2. Das Wissen um Differenz und das Denken mit Rücksicht auf DifferenzStrukturen: Ein Orator, der nur von aktuellen Standardmodellen her denkt, wird wenig erfolgreich sein. Das Studium historischer Fälle lehrt ihn, daß man in jedem Setting die spezifische Differenz erkennen muß, um daran das nötige Erfolgskalkül zu eichen. Das ist der Kern der Kontingenz-Bearbeitungsstrategie, die nach Kreativität verlangt. Rhetorische Prognostik heißt hier, aus den Differenzbeobachtungen zur Vergangenheit Differenzkalküle für die zukünftigen Aufgaben abzuleiten.

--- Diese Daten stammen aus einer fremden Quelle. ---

lemma cfun_cases:
  obtains "k = 1" "cfun k = zW H"
  | i where "i \<ge> 1" "k = 2 ^ i" "cfun k = bW H a i"
  | "k \<noteq> 1" "\<not> (\<exists>i::nat. i \<ge> 1 \<and> k = 2 ^ i)" "cfun k = \<one>\<^bsub>K\<^esub>"
proof -
  consider "k = 1" | i :: nat where "i \<ge> 1" "k = 2 ^ i" | "k \<noteq> 1" "\<not> (\<exists>i::nat. i \<ge> 1 \<and> k = 2 ^ i)"
    by blast
  then show thesis
    by cases (use that cfun_one cfun_power_two cfun_other in simp_all)
qed

lemma cfun_in_K: "cfun k \<in> carrier K"
  using z_in_K b_in_K group.is_monoid[OF group_K] by (cases k rule: cfun_cases) auto

lemma c_eq: "cW H a = (cfun, 0)"
  by (simp add: cfun_def cW_def)

lemma s_eq: "sW H a = (\<lambda>_. \<one>\<^bsub>K\<^esub>, 1)"
  by (simp add: sW_def)

lemma group_W: "group W"
  by (rule wr_Z_group[OF group_K])

lemma subgroup_G: "subgroup (carrier G) W"
proof -
  have "{cW H a, sW H a} \<subseteq> carrier W"
    using cfun_in_K group.is_monoid[OF group_K] by (auto simp: c_eq s_eq wr_Z_simps)
  then show ?thesis
    unfolding GG_def by (simp add: group.generate_is_subgroup[OF group_W])
qed

lemma G_eq: "G = W\<lparr>carrier := carrier G\<rparr>"
  by (simp add: GG_def)

lemma group_G: "group G"
  by (subst G_eq) (rule subgroup.subgroup_is_group[OF subgroup_G group_W])

lemma G_simps:
  "x \<otimes>\<^bsub>G\<^esub> y = x \<otimes>\<^bsub>W\<^esub> y" "\<one>\<^bsub>G\<^esub> = \<one>\<^bsub>W\<^esub>"
  by (simp_all add: GG_def)

lemma c_in_G: "cW H a \<in> carrier G" and s_in_G: "sW H a \<in> carrier G"
  unfolding GG_def by (simp_all add: generate.incl)

lemma G_int_pow: "x \<in> carrier G \<Longrightarrow> x [^]\<^bsub>G\<^esub> (n::int) = x [^]\<^bsub>W\<^esub> n"
  by (subst G_eq) (simp add: group.int_pow_consistent[OF group_W subgroup_G])

lemma s_int_pow: "sW H a [^]\<^bsub>G\<^esub> (g::int) = (\<lambda>_. \<one>\<^bsub>K\<^esub>, g)"
  using G_int_pow[OF s_in_G] wr_Z_int_pow_shift[OF group_K] by (simp add: s_eq)

lemma c_int_pow: "cW H a [^]\<^bsub>G\<^esub> (b::int) = (\<lambda>x. cfun x [^]\<^bsub>K\<^esub> b, 0)"
  using G_int_pow[OF c_in_G] wr_Z_int_pow_base[OF group_K cfun_in_K] by (simp add: c_eq)

lemma conj_c_s_int_pow:
  "conjW G (cW H a) (sW H a [^]\<^bsub>G\<^esub> (g::int)) = (\<lambda>x. cfun (x + g), 0)"
proof -
  have "conjW G (cW H a) (sW H a [^]\<^bsub>G\<^esub> g) = conjW W (cW H a) (sW H a [^]\<^bsub>G\<^esub> g)"
    by (subst G_eq, rule group.conjW_subgroup[OF group_W subgroup_G c_in_G])
      (rule group.int_pow_closed[OF group_G s_in_G])
  then show ?thesis
    by (simp add: s_int_pow c_eq wr_Z_conj_shift[OF group_K] cfun_in_K)
qed

lemma conj_c_s_int_pow_in_G: "conjW G (cW H a) (sW H a [^]\<^bsub>G\<^esub> (g::int)) \<in> carrier G"
proof -
  interpret G: group G by (rule group_G)
  show ?thesis
    unfolding conjW_def using c_in_G s_in_G by simp
qed

lemma conj_c_s_int_pow_int_pow:
  "conjW G (cW H a) (sW H a [^]\<^bsub>G\<^esub> (g::int)) [^]\<^bsub>G\<^esub> (b::int) = (\<lambda>x. cfun (x + g) [^]\<^bsub>K\<^esub> b, 0)"
  using G_int_pow[OF conj_c_s_int_pow_in_G] wr_Z_int_pow_base[OF group_K cfun_in_K]
  by (simp add: conj_c_s_int_pow)

lemma FW_eq:
  "FW H a n alpha beta =
     (\<lambda>\<mu>. foldr (\<lambda>j acc. cfun (\<mu> + gammaW alpha j) [^]\<^bsub>K\<^esub> beta j \<otimes>\<^bsub>K\<^esub> acc) [1..<n+1] \<one>\<^bsub>K\<^esub>, 0)"
  unfolding FW_def conj_c_s_int_pow_int_pow G_simps wr_Z_foldr_base ..

lemma wordW_eq: "wordW H a n alpha beta = (fst (FW H a n alpha beta), \<Sum>i\<le>n. alpha i)"
proof -
  have gamma: "alpha 0 + (\<Sum>i\<in>{1..<k}. alpha i) = gammaW alpha k" if "k \<ge> 1" for k
    using that by (simp add: gammaW_def lessThan_atLeast0 sum.atLeast_Suc_lessThan)
  have "wordW H a n alpha beta =
      (\<lambda>x. foldr (\<lambda>k acc. cfun (x + alpha 0 + (\<Sum>i\<in>{1..<k}. alpha i)) [^]\<^bsub>K\<^esub> beta k \<otimes>\<^bsub>K\<^esub> acc)
             [1..<n+1] \<one>\<^bsub>K\<^esub>,
       alpha 0 + (\<Sum>i\<in>{1..<n+1}. alpha i))"
    unfolding wordW_def s_int_pow c_int_pow G_simps by (rule wr_Z_word[OF group_K cfun_in_K])
  also have "\<dots> = (fst (FW H a n alpha beta), \<Sum>i\<le>n. alpha i)"
  proof -
    have "foldr (\<lambda>k acc. cfun (x + alpha 0 + (\<Sum>i\<in>{1..<k}. alpha i)) [^]\<^bsub>K\<^esub> beta k \<otimes>\<^bsub>K\<^esub> acc)
            [1..<n+1] \<one>\<^bsub>K\<^esub>
        = foldr (\<lambda>j acc. cfun (x + gammaW alpha j) [^]\<^bsub>K\<^esub> beta j \<otimes>\<^bsub>K\<^esub> acc) [1..<n+1] \<one>\<^bsub>K\<^esub>" for x
      by (rule foldr_cong) (auto simp: gamma[symmetric] add.assoc)
    moreover have "alpha 0 + (\<Sum>i\<in>{1..<n+1}. alpha i) = (\<Sum>i\<le>n. alpha i)"
      using gamma[of "n+1"] by (simp add: gammaW_def lessThan_Suc_atMost)
    ultimately show ?thesis unfolding FW_eq by simp
  qed
  finally show ?thesis .
qed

3. Das Wissen um Dynamiken und das Denken mit Rücksicht auf dynamische Strukturen: Das Studium der Rhetorikgeschichte, insbesondere der Theoriegeschichte, macht deutlich, daß es zahlreiche Kontinuitäten gibt. Es scheint, als ob viel totes gelehrtes Material durch die Jahrhunderte geschleppt wird. Es zeigt sich aber auch, daß Weiterentwicklungen, Fortschreibungen und Ausdifferenzierungen stattfinden. So hat sich z.B. das rhetorische Figureninventar von 65 Figuren beim Auctor ad Herennium auf rund 200 in der Spätrenaissance erhöht. Oder im Barock entwickelte man diverse neue Spezialtheorien für bestimmte Kommunikationsfälle, wie z.B. die Komplimentierkunst, Hochzeitsrede, oder auch Verhaltensrhetorik (Stichwort: Knigge) usw. Wandel, Entwicklung und Anpassung sind mithin unverzichtbare Elemente einer lebendigen Rhetorik. Dies zu untersuchen ist aber das Proprium spezifisch historischer Rhetorikforschung.